§ What is needed
Could you restate every record below word for word?

+===+

lemma monic_irreducible_powers_comaximal:
  fixes P :: "'i \<Rightarrow> 'a::field poly"
  assumes "\<And>j. j \<in> J \<Longrightarrow> irreducible (P j) \<and> lead_coeff (P j) = 1" "inj_on P J"
  shows "pairwise (\<lambda>j k. comaximal (P j ^ e j) (P k ^ e k)) J"
proof (rule pairwiseI)
  fix j k assume jk: "j \<in> J" "k \<in> J" "j \<noteq> k"
  then have "P j \<noteq> P k" using assms(2) by (auto dest: inj_onD)
  then have "coprime (P j) (P k)"
    using assms(1)[OF jk(1)] assms(1)[OF jk(2)] by (intro monic_irreducibles_coprime) auto
  then show "comaximal (P j ^ e j) (P k ^ e k)"
    by (intro comaximal_power coprime_imp_comaximal)
qed

text \<open>Splitting one factor off the first power in a product of powers; this writes the
  characteristic polynomial as x times its cofactor.\<close>
lemma prod_power_split_first:
  fixes f :: "nat \<Rightarrow> 'a::comm_monoid_mult"
  assumes "1 \<le> s" "1 \<le> N 1"
  shows "(\<Prod>j=1..s. f j ^ N j) = f 1 * (\<Prod>j=1..s. f j ^ (if j = 1 then N 1 - 1 else N j))"
proof -
  let ?e = "\<lambda>j. if j = 1 then N 1 - 1 else N j"
  have one: "1 \<in> {1..s}" using assms(1) by simp
  have "(\<Prod>j=1..s. f j ^ N j) = f 1 ^ N 1 * (\<Prod>j\<in>{1..s} - {1}. f j ^ N j)"
    by (rule prod.remove[OF finite_atLeastAtMost one])
  also have "f 1 ^ N 1 = f 1 * f 1 ^ ?e 1"
    using assms(2) by (simp add: power_eq_if)
  also have "(\<Prod>j\<in>{1..s} - {1}. f j ^ N j) = (\<Prod>j\<in>{1..s} - {1}. f j ^ ?e j)"
    by (rule prod.cong) auto
  also have "f 1 * f 1 ^ ?e 1 * (\<Prod>j\<in>{1..s} - {1}. f j ^ ?e j) = f 1 * (\<Prod>j=1..s. f j ^ ?e j)"
    by (simp only: prod.remove[OF finite_atLeastAtMost one] mult.assoc)
  finally show ?thesis .
qed

locale linear_endomorphism = vector_space scale
  for scale :: "'f::field \<Rightarrow> 'v::ab_group_add \<Rightarrow> 'v" +
  fixes L :: "'v \<Rightarrow> 'v"
  assumes linear_L: "Vector_Spaces.linear scale scale L"
begin

abbreviation poly_L :: "'f poly \<Rightarrow> 'v \<Rightarrow> 'v" where
  "poly_L p \<equiv> poly_op scale p L"

lemma L_hom: "module_hom scale scale L"
  using linear_L by (simp add: Vector_Spaces.linear_iff_module_hom)

lemmas L_add = module_hom.add[OF L_hom]
  and L_scale = module_hom.scale[OF L_hom]
  and L_zero [simp] = module_hom.zero[OF L_hom]
  and L_diff = module_hom.diff[OF L_hom]
  and L_sum = module_hom.sum[OF L_hom]

lemma poly_op_upto:
  assumes "degree p \<le> K"
  shows "poly_L p b = (\<Sum>i\<le>K. scale (coeff p i) ((L ^^ i) b))"
  unfolding poly_op_def
  by (rule sum.mono_neutral_left) (use assms in \<open>auto simp: coeff_eq_0\<close>)

lemma poly_L_pCons: "poly_L (pCons c p) b = scale c b + L (poly_L p b)"
proof -
  have "poly_L (pCons c p) b
      = (\<Sum>i\<le>Suc (degree p). scale (coeff (pCons c p) i) ((L ^^ i) b))"
    by (rule poly_op_upto) (rule degree_pCons_le)
  also have "\<dots> = scale c b + (\<Sum>i\<le>degree p. scale (coeff p i) ((L ^^ Suc i) b))"
    by (subst sum.atMost_Suc_shift) simp
  also have "(\<Sum>i\<le>degree p. scale (coeff p i) ((L ^^ Suc i) b)) = L (poly_L p b)"
    unfolding poly_op_def L_sum by (simp add: L_scale)
  finally show ?thesis .
qed

lemma poly_L_0 [simp]: "poly_L 0 b = 0"
  unfolding poly_op_def by simp

lemma poly_L_linear: "Vector_Spaces.linear scale scale (poly_L p)"
proof -
  have "poly_L p (x + y) = poly_L p x + poly_L p y \<and>
        poly_L p (scale c x) = scale c (poly_L p x)" for x y c
    by (induction p) (simp_all add: poly_L_pCons L_add L_scale scale_left_commute algebra_simps)
  then show ?thesis unfolding Vector_Spaces.linear_iff using vector_space_axioms by blast
qed

lemma poly_L_hom: "module_hom scale scale (poly_L p)"
  using poly_L_linear by (simp add: Vector_Spaces.linear_iff_module_hom)

lemmas poly_L_add_right = module_hom.add[OF poly_L_hom]
  and poly_L_scale_right = module_hom.scale[OF poly_L_hom]
  and poly_L_zero_right = module_hom.zero[OF poly_L_hom]
  and poly_L_diff_right = module_hom.diff[OF poly_L_hom]
  and poly_L_sum_right = module_hom.sum[OF poly_L_hom]
  and kernel_subspace = module_hom.subspace_kernel[OF poly_L_hom]

lemma poly_L_add: "poly_L (p + q) b = poly_L p b + poly_L q b"
  by (induction p q rule: poly_induct2) (simp_all add: poly_L_pCons L_add scale_left_distrib)

lemma poly_L_diff: "poly_L (p - q) b = poly_L p b - poly_L q b"
  by (induction p q rule: poly_induct2) (simp_all add: poly_L_pCons L_diff scale_left_diff_distrib)

lemma poly_L_sum: "poly_L (\<Sum>i\<in>A. f i) b = (\<Sum>i\<in>A. poly_L (f i) b)"
  by (induction A rule: infinite_finite_induct) (simp_all add: poly_L_add)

+===+

§ Response below
lemma monic_irreducible_powers_comaximal:
  fixes P :: "'i \<Rightarrow> 'a::field poly"
  assumes "\<And>j. j \<in> J \<Longrightarrow> irreducible (P j) \<and> lead_coeff (P j) = 1" "inj_on P J"
  shows "pairwise (\<lambda>j k. comaximal (P j ^ e j) (P k ^ e k)) J"
proof (rule pairwiseI)
  fix j k assume jk: "j \<in> J" "k \<in> J" "j \<noteq> k"
  then have "P j \<noteq> P k" using assms(2) by (auto dest: inj_onD)
  then have "coprime (P j) (P k)"
    using assms(1)[OF jk(1)] assms(1)[OF jk(2)] by (intro monic_irreducibles_coprime) auto
  then show "comaximal (P j ^ e j) (P k ^ e k)"
    by (intro comaximal_power coprime_imp_comaximal)
qed

text \<open>Splitting one factor off the first power in a product of powers; this writes the
  characteristic polynomial as x times its cofactor.\<close>
lemma prod_power_split_first:
  fixes f :: "nat \<Rightarrow> 'a::comm_monoid_mult"
  assumes "1 \<le> s" "1 \<le> N 1"
  shows "(\<Prod>j=1..s. f j ^ N j) = f 1 * (\<Prod>j=1..s. f j ^ (if j = 1 then N 1 - 1 else N j))"
proof -
  let ?e = "\<lambda>j. if j = 1 then N 1 - 1 else N j"
  have one: "1 \<in> {1..s}" using assms(1) by simp
  have "(\<Prod>j=1..s. f j ^ N j) = f 1 ^ N 1 * (\<Prod>j\<in>{1..s} - {1}. f j ^ N j)"
    by (rule prod.remove[OF finite_atLeastAtMost one])
  also have "f 1 ^ N 1 = f 1 * f 1 ^ ?e 1"
    using assms(2) by (simp add: power_eq_if)
  also have "(\<Prod>j\<in>{1..s} - {1}. f j ^ N j) = (\<Prod>j\<in>{1..s} - {1}. f j ^ ?e j)"
    by (rule prod.cong) auto
  also have "f 1 * f 1 ^ ?e 1 * (\<Prod>j\<in>{1..s} - {1}. f j ^ ?e j) = f 1 * (\<Prod>j=1..s. f j ^ ?e j)"
    by (simp only: prod.remove[OF finite_atLeastAtMost one] mult.assoc)
  finally show ?thesis .
qed

locale linear_endomorphism = vector_space scale
  for scale :: "'f::field \<Rightarrow> 'v::ab_group_add \<Rightarrow> 'v" +
  fixes L :: "'v \<Rightarrow> 'v"
  assumes linear_L: "Vector_Spaces.linear scale scale L"
begin

abbreviation poly_L :: "'f poly \<Rightarrow> 'v \<Rightarrow> 'v" where
  "poly_L p \<equiv> poly_op scale p L"

lemma L_hom: "module_hom scale scale L"
  using linear_L by (simp add: Vector_Spaces.linear_iff_module_hom)

lemmas L_add = module_hom.add[OF L_hom]
  and L_scale = module_hom.scale[OF L_hom]
  and L_zero [simp] = module_hom.zero[OF L_hom]
  and L_diff = module_hom.diff[OF L_hom]
  and L_sum = module_hom.sum[OF L_hom]

lemma poly_op_upto:
  assumes "degree p \<le> K"
  shows "poly_L p b = (\<Sum>i\<le>K. scale (coeff p i) ((L ^^ i) b))"
  unfolding poly_op_def
  by (rule sum.mono_neutral_left) (use assms in \<open>auto simp: coeff_eq_0\<close>)

lemma poly_L_pCons: "poly_L (pCons c p) b = scale c b + L (poly_L p b)"
proof -
  have "poly_L (pCons c p) b
      = (\<Sum>i\<le>Suc (degree p). scale (coeff (pCons c p) i) ((L ^^ i) b))"
    by (rule poly_op_upto) (rule degree_pCons_le)
  also have "\<dots> = scale c b + (\<Sum>i\<le>degree p. scale (coeff p i) ((L ^^ Suc i) b))"
    by (subst sum.atMost_Suc_shift) simp
  also have "(\<Sum>i\<le>degree p. scale (coeff p i) ((L ^^ Suc i) b)) = L (poly_L p b)"
    unfolding poly_op_def L_sum by (simp add: L_scale)
  finally show ?thesis .
qed

lemma poly_L_0 [simp]: "poly_L 0 b = 0"
  unfolding poly_op_def by simp

lemma poly_L_linear: "Vector_Spaces.linear scale scale (poly_L p)"
proof -
  have "poly_L p (x + y) = poly_L p x + poly_L p y \<and>
        poly_L p (scale c x) = scale c (poly_L p x)" for x y c
    by (induction p) (simp_all add: poly_L_pCons L_add L_scale scale_left_commute algebra_simps)
  then show ?thesis unfolding Vector_Spaces.linear_iff using vector_space_axioms by blast
qed

lemma poly_L_hom: "module_hom scale scale (poly_L p)"
  using poly_L_linear by (simp add: Vector_Spaces.linear_iff_module_hom)

lemmas poly_L_add_right = module_hom.add[OF poly_L_hom]
  and poly_L_scale_right = module_hom.scale[OF poly_L_hom]
  and poly_L_zero_right = module_hom.zero[OF poly_L_hom]
  and poly_L_diff_right = module_hom.diff[OF poly_L_hom]
  and poly_L_sum_right = module_hom.sum[OF poly_L_hom]
  and kernel_subspace = module_hom.subspace_kernel[OF poly_L_hom]

lemma poly_L_add: "poly_L (p + q) b = poly_L p b + poly_L q b"
  by (induction p q rule: poly_induct2) (simp_all add: poly_L_pCons L_add scale_left_distrib)

lemma poly_L_diff: "poly_L (p - q) b = poly_L p b - poly_L q b"
  by (induction p q rule: poly_induct2) (simp_all add: poly_L_pCons L_diff scale_left_diff_distrib)

lemma poly_L_sum: "poly_L (\<Sum>i\<in>A. f i) b = (\<Sum>i\<in>A. poly_L (f i) b)"
  by (induction A rule: infinite_finite_induct) (simp_all add: poly_L_add)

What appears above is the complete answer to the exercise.